На большой Хабаровской выставке 1913 года карта стала жемчужиной экспозиции. Около неё толпились люди, была даже попытка украсть её. В 1916 году эта карта поразила русских учёных и востоковедов г. Харбина. Там они работали на Китайской восточной железной дороге, а Арсеньев ездил в Харбин с научной и экономической целями. В 1920-ых годах карта не раз была в Москве, где её смотрел всероссийский староста М. И. Калинин. В 1927 году Арсеньев возил карту в Японию, где представлял учёных Дальнего Востока. Дальневосточные учёные: лесовод А. М. Киселёв, профессора А. П. Нечаев и А. И. Куренцов не раз видели эту карту, как видели её и многие другие старожилы Хабаровска и Владивостока. С 1913 года она висела в Хабаровском музее, где Арсеньев читал вдохновенные лекции. Владимир Клавдиевич возил с собой Большую карту в университеты, институты, мореходную школу, народные училища и другие места. Хорошо помнят карту морские капитаны Владивостока. ‘Дядя Шура’ рассказал о почётной для Арсеньева хабаровской встрече с В. К. Блюхером в 1930 г. По этой карте-картине Владимир Клавдиевич ознакомил выдающегося полководца с богатствами и возможностями края. Арсеньев тогда имел 1 золотую и 2 серебряные научные медали, а так же являлся лауреатом премии имени М. И. Венюкова. Через несколько лет после смерти Арсеньева в том же 1930 году карта исчезла. Жена путешественника, Анна Констатиновна полагала, что карта могла возвратиться в Хабаровск. ‘Дядя Шура’ был склонен думать, что Владимир Клавдиевич завещал её этнографам или подарил штабу. В 1914 году В. Е. Глуздовский издал во Владивостоке учебник географии приморско-амурской окраины. В учебнике есть рисованная рельефная вертикальная карта-картина Уссури и северного Сахалина, почерк надписей похож на арсеньевский, но на карте нет маршрутов землепроходцев и походов Арсеньева. Ко всему, она менее подробна, чем оригинал Владимира Клавдиевича. Быть может, это выборочная копия подлинной карты-картины.
Нет сомнений, что Большая карта цела и доныне.
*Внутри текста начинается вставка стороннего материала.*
(* Let $G=(V,E)$ be a connected $3$-uniform hypergraph. Then $\gamma(G)>0$ if and only if there is a partition $V=V_0\cup V_1\cup V_2$ of $V$ into three nonempty pairwise disjoint sets such that every edge $e\in E$ either satisfies $e\subseteq V_i$ for some $i\in\{0,1,2\}$, or satisfies $e\cap V_j\neq\emptyset$ for each $j=0,1,2$.
   Context: For a $3$-uniform hypergraph $G$ on vertices $v_1,\dots,v_n$, the adjacency tensor $\mathcal{A}(G)$ is the order-$3$, dimension-$n$ tensor with $a_{i_1i_2i_3}=\frac12$ if $\{v_{i_1},v_{i_2},v_{i_3}\}\in E$ and $0$ otherwise. Eigenvectors: $\mathcal{A}x^{2}=\lambda x^{[2]}$, $x\neq0$, $(\mathcal{A}x^2)_i=\sum_{j,k}a_{ijk}x_jx_k$, $x^{[2]}=(x_i^2)$; $\rho$ spectral radius. $\gamma(G)=\gamma(\mathcal{A}(G))$, the stabilizing dimension: the composition length (here: dimension over the field $\mathbb{Z}_3$) of the $\mathbb{Z}_3$-module of eigenvectors $y$ of $\mathcal{A}(G)$ for $\rho(\mathcal{A}(G))$ normalized by $y_1=1$ (no zero entries), with operation $y\circ\hat y=D_yD_{\hat y}v_p$, $D_y=\mathrm{diag}(y_i/|y_i|)$, $v_p$ the positive one. *)

theory Defs
  imports "HOL-Analysis.Analysis"
begin

text \<open>A 3-uniform hypergraph on the vertex set {0..<n} (vertex v_i of the paper is i-1)
  with edge set E.\<close>
definition uniform3 :: "nat \<Rightarrow> nat set set \<Rightarrow> bool" where
  "uniform3 n E \<longleftrightarrow> (\<forall>e\<in>E. e \<subseteq> {0..<n} \<and> card e = 3)"

definition hg_connected :: "nat \<Rightarrow> nat set set \<Rightarrow> bool" where
  "hg_connected n E \<longleftrightarrow> 0 < n \<and>
     (\<forall>u<n. \<forall>v<n. (u, v) \<in> {(a, b). \<exists>e\<in>E. a \<in> e \<and> b \<in> e}\<^sup>*)"

definition adj_tensor :: "nat set set \<Rightarrow> nat \<Rightarrow> nat \<Rightarrow> nat \<Rightarrow> complex" where
  "adj_tensor E i j k = (if {i, j, k} \<in> E then 1/2 else 0)"

definition tensor_apply :: "nat \<Rightarrow> nat set set \<Rightarrow> (nat \<Rightarrow> complex) \<Rightarrow> nat \<Rightarrow> complex" where
  "tensor_apply n E x i = (\<Sum>j<n. \<Sum>k<n. adj_tensor E i j k * x j * x k)"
Наталья Владимировна, дочь Арсеньева, подтвердила, что в 1930-ых годах, после смерти отца, карта ещё хранилась дома, её приходили смотреть.
Карту нужно искать. Её могут обнаружить следопыты-историки. Большая карта может лежать в архивах бывшего Переселенческого управления или бывшего Управления морскими и звериными промыслами. В обоих этих учреждениях Арсеньев работал. Карта могла затеряться в Алма-Атах, где лежал архив П. П. Бордакова, соратника Арсеньева. Карту мог увезти в Одессу Анатолий, старший брат Арсеньева, морской капитан. Она могла уйти в Иркутск, там, в музее, находятся блестящие дальневосточные этнографические картины Арсеньева…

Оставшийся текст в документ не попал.